Я удивилась. Какие, право, бредни порою приходят в голову моей несчастной подружке. Неужели ее родители и бывший муж Костик умудрились внушить бедняжке, что она теперь совершенно никому не интересна? Но я-то так не считала! Ольга была по-прежнему умницей, в доме у нее стояли стеллажи с книгами, которых, кстати, я не заметила у ее благоверного, когда зачем-то заезжала к нему, посещая Святую землю по своим меркантильным делам. Ах, да… Я вспомнила. Я как раз отвозила ему посылочку от Ольги. Свежие яйца деревенские, свежее молоко, козье, потому что Костик жаловался на непрекращавшийся кашель. Он все принял, как, простите, султан какой-то недоделанный – подношения и дары. Помню, как он нос свой крючковатый воткнул в бутылку с молоком – не прокисло ли? рожа у него была брезгливая при этом и гадкая какая-то. И как его новая толстая супруга, выплывшая из дверей, начала хозяйской рукой яйца перекладывать в специальную коробку – так тщательно она при этом каждое яйцо осматривала, как будто искала трещинку, и я не сомневалась, что, если бы нашла, выкинула бы все и по Ольгиному поводу что-нибудь нехорошее сказала бы. И я вспомнила, как уезжала оттуда. Зашла к нему в надежде, что он передаст что-нибудь для Варьки. Своей, между прочим, дочери! Нет. Хорошо, что, услышав о том, что этот жадина пожалел сделать подарок дочке, моя тамошняя подруга Лилька насовала мне для Варьки кучу всяких очаровательных вещиц. И даже нашла подарочек и для Ольги. Ну и я докупила им всего до кучи.
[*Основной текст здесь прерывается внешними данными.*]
lemma higher_diff_on_ln:
  fixes f :: "'a::real_normed_vector \<Rightarrow> real"
  assumes "open S" "higher_diff_on n S f" "\<And>x. x \<in> S \<Longrightarrow> f x > 0"
  shows "higher_diff_on n S (\<lambda>x. ln (f x))"
proof (cases n)
  case 0
  then show ?thesis using assms by (auto intro!: continuous_on_ln simp: less_imp_neq[symmetric])
next
  case (Suc m)
  show ?thesis unfolding Suc
  proof (rule higher_diff_on_SucI[OF assms(1)])
    fix x assume "x \<in> S"
    then show "((\<lambda>x. ln (f x)) has_derivative
        (\<lambda>v. frechet_derivative f (at x) v * inverse (f x))) (at x)"
      using assms Suc by (intro has_derivative_ln) (auto simp: frechet_derivative_works)
  next
    fix v
    show "higher_diff_on m S (\<lambda>x. frechet_derivative f (at x) v * inverse (f x))"
      using assms Suc higher_diff_on_SucD
      by (intro higher_diff_on_mult[OF assms(1)] higher_diff_on_inverse[OF assms(1)])
        (auto simp: less_imp_neq[symmetric])
  qed
qed

section \<open>The explicit kernel\<close>

lemma one_add_power2_pos [simp]: "0 < 1 + (y::real)\<^sup>2"
  by (simp add: add_pos_nonneg)

lemma one_add_power2_neq_zero [simp]: "1 + (y::real)\<^sup>2 \<noteq> 0"
  using one_add_power2_pos[of y] by linarith

lemma jbr_sq: "(jbr a)\<^sup>2 = 1 + a\<^sup>2"
  unfolding jbr_def by simp

lemma jbr_pos: "0 < jbr a"
  unfolding jbr_def by simp

definition jbr_inv_sq :: "real \<Rightarrow> real" where
  "jbr_inv_sq y = 1 / (1 + y\<^sup>2)"

lemma jbr_inv_sq_eq: "jbr_inv_sq y = 1 / (jbr y)\<^sup>2"
  unfolding jbr_inv_sq_def jbr_sq ..

lemma jbr_inv_sq_pos: "0 < jbr_inv_sq y"
  unfolding jbr_inv_sq_def by simp

lemma jbr_inv_sq_le_one: "jbr_inv_sq y \<le> 1"
  unfolding jbr_inv_sq_def by simp

lemma one_minus_jbr_inv_sq: "1 - jbr_inv_sq y = y\<^sup>2 * jbr_inv_sq y"
  unfolding jbr_inv_sq_def by (simp add: field_simps)

lemma jbr_inv_sq_mult_one_minus: "jbr_inv_sq y * (1 - jbr_inv_sq y) = y\<^sup>2 / (1 + y\<^sup>2)\<^sup>2"
  unfolding one_minus_jbr_inv_sq unfolding jbr_inv_sq_def by (simp add: power2_eq_square)

lemma two_jbr_inv_sq_minus_one: "2 * jbr_inv_sq y - 1 = (1 - y\<^sup>2) / (1 + y\<^sup>2)"
  unfolding jbr_inv_sq_def by (simp add: field_simps)

lemma jbr_inv_sq_mult_one_minus_le: "jbr_inv_sq y * (1 - jbr_inv_sq y) \<le> y\<^sup>2 / (1 + y ^ 4)"
  unfolding jbr_inv_sq_mult_one_minus
proof (rule divide_left_mono)
  show "1 + y ^ 4 \<le> (1 + y\<^sup>2)\<^sup>2"
    by (simp add: power2_eq_square power4_eq_xxxx algebra_simps)
  show "0 < (1 + y\<^sup>2)\<^sup>2 * (1 + y ^ 4)"
    by (simp add: add_pos_nonneg)
qed simp

lemma has_real_derivative_jbr_inv_sq:
  assumes "y \<noteq> 0"
  shows "(jbr_inv_sq has_real_derivative - 2 * (jbr_inv_sq y * (1 - jbr_inv_sq y)) / y) (at y)"
proof -
  have "(jbr_inv_sq has_real_derivative - (2 * y) / (1 + y\<^sup>2)\<^sup>2) (at y)"
    unfolding jbr_inv_sq_def[abs_def]
    by (auto intro!: derivative_eq_intros) (simp add: field_simps power2_eq_square)
  also have "- (2 * y) / (1 + y\<^sup>2)\<^sup>2 = - 2 * (jbr_inv_sq y * (1 - jbr_inv_sq y)) / y"
    unfolding jbr_inv_sq_mult_one_minus using assms by (simp add: power2_eq_square)
  finally show ?thesis .
qed

definition green_I :: "real \<Rightarrow> real \<Rightarrow> real" where
  "green_I y y' =
     (2 * jbr_inv_sq y - 1) * (2 * jbr_inv_sq y' - 1)
     + 4 * (jbr_inv_sq y' * (1 - jbr_inv_sq y'))
         * ((2 * jbr_inv_sq y - 1) * (ln y - ln y' - 1) + 2 * jbr_inv_sq y)"

definition green_J :: "real \<Rightarrow> real \<Rightarrow> real" where
  "green_J y y' =
     4 * (jbr_inv_sq y' * (1 - jbr_inv_sq y')) * (2 * jbr_inv_sq y - 1)
     - 4 * (jbr_inv_sq y * (1 - jbr_inv_sq y)) * (2 * jbr_inv_sq y' - 1)
     - 16 * (jbr_inv_sq y * (1 - jbr_inv_sq y)) * (jbr_inv_sq y' * (1 - jbr_inv_sq y'))
         * (ln y - ln y')"

lemma green_I_diag: "green_I y y = 1"
  unfolding green_I_def by (simp add: algebra_simps)

lemma green_J_diag: "green_J y y = 0"
  unfolding green_J_def by simp

lemma has_real_derivative_green_I:
  assumes "0 < y"
  shows "((\<lambda>t. green_I t y') has_real_derivative green_J y y' / y) (at y)"
  unfolding green_I_def green_J_def using assms
  by (auto intro!: derivative_eq_intros has_real_derivative_jbr_inv_sq) (simp add: field_simps)

lemma has_real_derivative_green_J:
  assumes "0 < y"
  shows "((\<lambda>t. green_J t y') has_real_derivative
           - 8 * (jbr_inv_sq y * (1 - jbr_inv_sq y)) * green_I y y' / y) (at y)"
  unfolding green_I_def green_J_def using assms
  by (auto intro!: derivative_eq_intros has_real_derivative_jbr_inv_sq) (simp add: field_simps)

lemma higher_diff_on_jbr_inv_sq:
  fixes f :: "'a::real_normed_vector \<Rightarrow> real"
  assumes "open S" "higher_diff_on n S f"
  shows "higher_diff_on n S (\<lambda>x. jbr_inv_sq (f x))"
proof -
  have "higher_diff_on n S (\<lambda>x. inverse (1 + f x * f x))"
    using assms
    by (intro higher_diff_on_inverse higher_diff_on_add higher_diff_on_mult higher_diff_on_const)
      (auto simp: add_nonneg_eq_0_iff)
  then show ?thesis
    by (simp add: jbr_inv_sq_def power2_eq_square divide_inverse)
qed

lemma smooth_on_green_I:
  "smooth_on {p :: real \<times> real. 0 < snd p \<and> snd p < fst p} (\<lambda>p. green_I (fst p) (snd p))"
  unfolding smooth_on_def
proof
  fix n
  let ?S = "{p :: real \<times> real. 0 < snd p \<and> snd p < fst p}"
  have S: "open ?S"
    by (intro open_Collect_conj open_Collect_less continuous_intros)
  have fst: "higher_diff_on n ?S fst" and snd: "higher_diff_on n ?S snd"
    by (simp_all add: higher_diff_on_bounded_linear bounded_linear_fst bounded_linear_snd)
  have "higher_diff_on n ?S (\<lambda>p. ln (fst p))" "higher_diff_on n ?S (\<lambda>p. ln (snd p))"
    by (auto intro!: higher_diff_on_ln[OF S] fst snd)
  then show "higher_diff_on n ?S (\<lambda>p. green_I (fst p) (snd p))"
    unfolding green_I_def
    by (intro higher_diff_on_add[OF S] higher_diff_on_diff[OF S] higher_diff_on_mult[OF S]
        higher_diff_on_const higher_diff_on_jbr_inv_sq[OF S] fst snd)
qed

section \<open>Iterated Euler derivatives of the kernel\<close>

definition X_one_minus_X :: "real poly" where
  "X_one_minus_X = [:0, 1, -1:]"

lemma poly_X_one_minus_X [simp]: "poly X_one_minus_X x = x * (1 - x)"
  unfolding X_one_minus_X_def by (simp add: algebra_simps)

lemma X_one_minus_X_dvd_imp_bound:
  assumes "X_one_minus_X dvd p"
  obtains C where "0 \<le> C" "\<And>x. 0 \<le> x \<Longrightarrow> x \<le> 1 \<Longrightarrow> \<bar>poly p x\<bar> \<le> C * (x * (1 - x))"
proof -
  obtain q where p: "p = X_one_minus_X * q" using assms by blast
  have "bounded (poly q ` {0..1})"
    by (intro compact_imp_bounded compact_continuous_image continuous_intros) simp
  then obtain C where "0 < C" and C: "\<And>x. x \<in> {0..1} \<Longrightarrow> \<bar>poly q x\<bar> \<le> C"
    unfolding bounded_pos by auto
  show thesis
  proof (rule that)
    fix x :: real assume "0 \<le> x" "x \<le> 1"
    then have "\<bar>poly p x\<bar> = x * (1 - x) * \<bar>poly q x\<bar>"
      by (simp add: p abs_mult)
    also have "\<dots> \<le> x * (1 - x) * C"
      using C \<open>0 \<le> x\<close> \<open>x \<le> 1\<close> by (intro mult_left_mono) auto
    finally show "\<bar>poly p x\<bar> \<le> C * (x * (1 - x))" by (simp add: mult.commute)
  qed (use \<open>0 < C\<close> in simp)
qed

lemma has_real_derivative_poly_jbr_inv_sq:
  assumes "y \<noteq> 0"
  shows "((\<lambda>t. poly P (jbr_inv_sq t)) has_real_derivative
           poly (pderiv P) (jbr_inv_sq y) * (- 2 * (jbr_inv_sq y * (1 - jbr_inv_sq y)) / y)) (at y)"
  using DERIV_chain2[OF poly_DERIV has_real_derivative_jbr_inv_sq[OF assms]] by simp

definition euler_step :: "real poly \<times> real poly \<Rightarrow> real poly \<times> real poly" where
  "euler_step PR =
     (smult (- 2) (X_one_minus_X * pderiv (fst PR)) - smult 8 (X_one_minus_X * snd PR),
      fst PR - smult 2 (X_one_minus_X * pderiv (snd PR)))"

primrec euler_coeffs :: "nat \<Rightarrow> real poly \<times> real poly" where
  "euler_coeffs 0 = (1, 0)"
| "euler_coeffs (Suc k) = euler_step (euler_coeffs k)"

definition green_comb :: "real poly \<times> real poly \<Rightarrow> real \<Rightarrow> real \<Rightarrow> real" where
  "green_comb PR y y' =
     poly (fst PR) (jbr_inv_sq y) * green_I y y' + poly (snd PR) (jbr_inv_sq y) * green_J y y'"

lemma has_real_derivative_green_comb:
  assumes "0 < y"
  shows "((\<lambda>t. green_comb PR t y') has_real_derivative green_comb (euler_step PR) y y' / y) (at y)"
proof -
  have y: "y \<noteq> 0" using assms by simp
  note D = DERIV_add[OF
      DERIV_mult[OF has_real_derivative_poly_jbr_inv_sq[OF y] has_real_derivative_green_I[OF assms]]
      DERIV_mult[OF has_real_derivative_poly_jbr_inv_sq[OF y] has_real_derivative_green_J[OF assms]]]
  show ?thesis
    unfolding green_comb_def by (rule DERIV_cong[OF D]) (use y in \<open>simp add: euler_step_def field_simps\<close>)
qed

lemma ydy_power_green_I:
  assumes "0 < y"
  shows "(ydy ^^ k) green_I y y' = green_comb (euler_coeffs k) y y'"
  using assms
proof (induction k arbitrary: y)
  case 0
  then show ?case by (simp add: green_comb_def)
next
  case (Suc k)
  have "\<forall>\<^sub>F t in nhds y. (ydy ^^ k) green_I t y' = green_comb (euler_coeffs k) t y'"
    using eventually_nhds_in_open[of "{0<..}" y] Suc by (auto elim!: eventually_mono)
  then have "(ydy ^^ Suc k) green_I y y' = y * deriv (\<lambda>t. green_comb (euler_coeffs k) t y') y"
    by (simp add: ydy_def deriv_cong_ev)
  also have "\<dots> = green_comb (euler_coeffs (Suc k)) y y'"
    using DERIV_imp_deriv[OF has_real_derivative_green_comb[OF Suc.prems]] Suc.prems by simp
  finally show ?case .
qed

lemma ydy_green_I: "0 < y \<Longrightarrow> ydy green_I y y' = green_J y y'"
  using ydy_power_green_I[of y 1 y'] by (simp add: green_comb_def euler_step_def)

lemma X_one_minus_X_dvd_euler_coeffs:
  assumes "2 \<le> k"
  shows "X_one_minus_X dvd fst (euler_coeffs k) \<and> X_one_minus_X dvd snd (euler_coeffs k)"
  using assms
proof (induction k rule: dec_induct)
  case base
  then show ?case by (auto simp: numeral_2_eq_2 euler_step_def intro!: dvd_smult)
next
  case (step k)
  then show ?case by (auto simp: euler_step_def intro!: dvd_diff dvd_smult)
qed

primrec scaled_deriv_poly :: "real poly \<Rightarrow> nat \<Rightarrow> real poly" where
  "scaled_deriv_poly S 0 = S"
| "scaled_deriv_poly S (Suc j) =
     smult (- 2) (X_one_minus_X * pderiv (scaled_deriv_poly S j)) - smult (of_nat j) (scaled_deriv_poly S j)"

lemma X_one_minus_X_dvd_scaled_deriv_poly:
  "X_one_minus_X dvd S \<Longrightarrow> X_one_minus_X dvd scaled_deriv_poly S j"
  by (induction j) (auto intro!: dvd_diff dvd_smult)

lemma has_real_derivative_scaled_deriv_poly:
  assumes "y \<noteq> 0"
  shows "((\<lambda>t. poly (scaled_deriv_poly S j) (jbr_inv_sq t) / t ^ j) has_real_derivative
           poly (scaled_deriv_poly S (Suc j)) (jbr_inv_sq y) / y ^ Suc j) (at y)"
proof -
  note D = DERIV_divide[OF has_real_derivative_poly_jbr_inv_sq[OF assms] DERIV_pow[of j]]
  have "j = 0 \<or> y ^ j = y * y ^ (j - 1)"
    by (cases j) auto
  then show ?thesis
    by (intro DERIV_cong[OF D]) (use assms in \<open>auto simp: field_simps\<close>)
qed

lemma higher_deriv_poly_jbr_inv_sq:
  assumes "\<And>y. 0 < y \<Longrightarrow> f y = poly S (jbr_inv_sq y)" "0 < y"
  shows "(deriv ^^ j) f y = poly (scaled_deriv_poly S j) (jbr_inv_sq y) / y ^ j"
  using assms(2)
proof (induction j arbitrary: y)
  case 0
  then show ?case using assms(1) by simp
next
  case (Suc j)
  have "\<forall>\<^sub>F t in nhds y. (deriv ^^ j) f t = poly (scaled_deriv_poly S j) (jbr_inv_sq t) / t ^ j"
    using eventually_nhds_in_open[of "{0<..}" y] Suc by (auto elim!: eventually_mono)
  then have "(deriv ^^ Suc j) f y = deriv (\<lambda>t. poly (scaled_deriv_poly S j) (jbr_inv_sq t) / t ^ j) y"
    by (simp add: deriv_cong_ev)
  also have "\<dots> = poly (scaled_deriv_poly S (Suc j)) (jbr_inv_sq y) / y ^ Suc j"
    using Suc.prems by (intro DERIV_imp_deriv has_real_derivative_scaled_deriv_poly) simp
  finally show ?case .
qed

lemma higher_deriv_poly_jbr_inv_sq_differentiable:
  assumes "\<And>y. 0 < y \<Longrightarrow> f y = poly S (jbr_inv_sq y)" "0 < y"
  shows "(deriv ^^ j) f differentiable (at y)"
proof -
  have "((\<lambda>t. poly (scaled_deriv_poly S j) (jbr_inv_sq t) / t ^ j) has_real_derivative
           poly (scaled_deriv_poly S (Suc j)) (jbr_inv_sq y) / y ^ Suc j) (at y)"
    using assms(2) by (intro has_real_derivative_scaled_deriv_poly) simp
  then have "((deriv ^^ j) f has_real_derivative
           poly (scaled_deriv_poly S (Suc j)) (jbr_inv_sq y) / y ^ Suc j) (at y)"
    by (rule has_field_derivative_transform_within_open[of _ _ _ "{0<..}"])
      (use assms higher_deriv_poly_jbr_inv_sq[OF assms(1)] in auto)
  then show ?thesis by (rule has_field_derivative_imp_has_derivative[THEN differentiableI])
qed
И я никогда не забуду, как эти дурочки щебетали – это нам папа прислал! То есть щебетала Ольга. Я даже не стала возражать. Подумала – зачем Ольге радость портить? Пусть думает, что это ее Костик разнесчастный купил. Куркуль недоделанный. Варька все поняла – умный ребенок. Сказала мне тихое «спасибо». А когда мы остались одни, Варька тихо попросила: «Тань, только давай не будем маме правду говорить. Пусть думает, что это папа прислал». Так вот – когда этот тип приехал домой на неделю, Ольга принялась рассыпаться в благодарностях за подарки, и он даже не подумал признаться, что в первый раз об этом слышит. Нет! Снисходительно, аки барон, он принял благодарность от своей «вассалки». И даже сказал, что «ему для Ольги и доченьки» ничего не жалко. И когда я сталкиваюсь вот с таким Ольгиным взглядом и ее убежденностью в своем «несовершенстве», я готова рычать и кусаться. Потому что это не так. Это Костенька ее несовершенство ходячее. Вместе с новой женой. Но никак уж не Ольга. И не Варька. Но я сдержалась.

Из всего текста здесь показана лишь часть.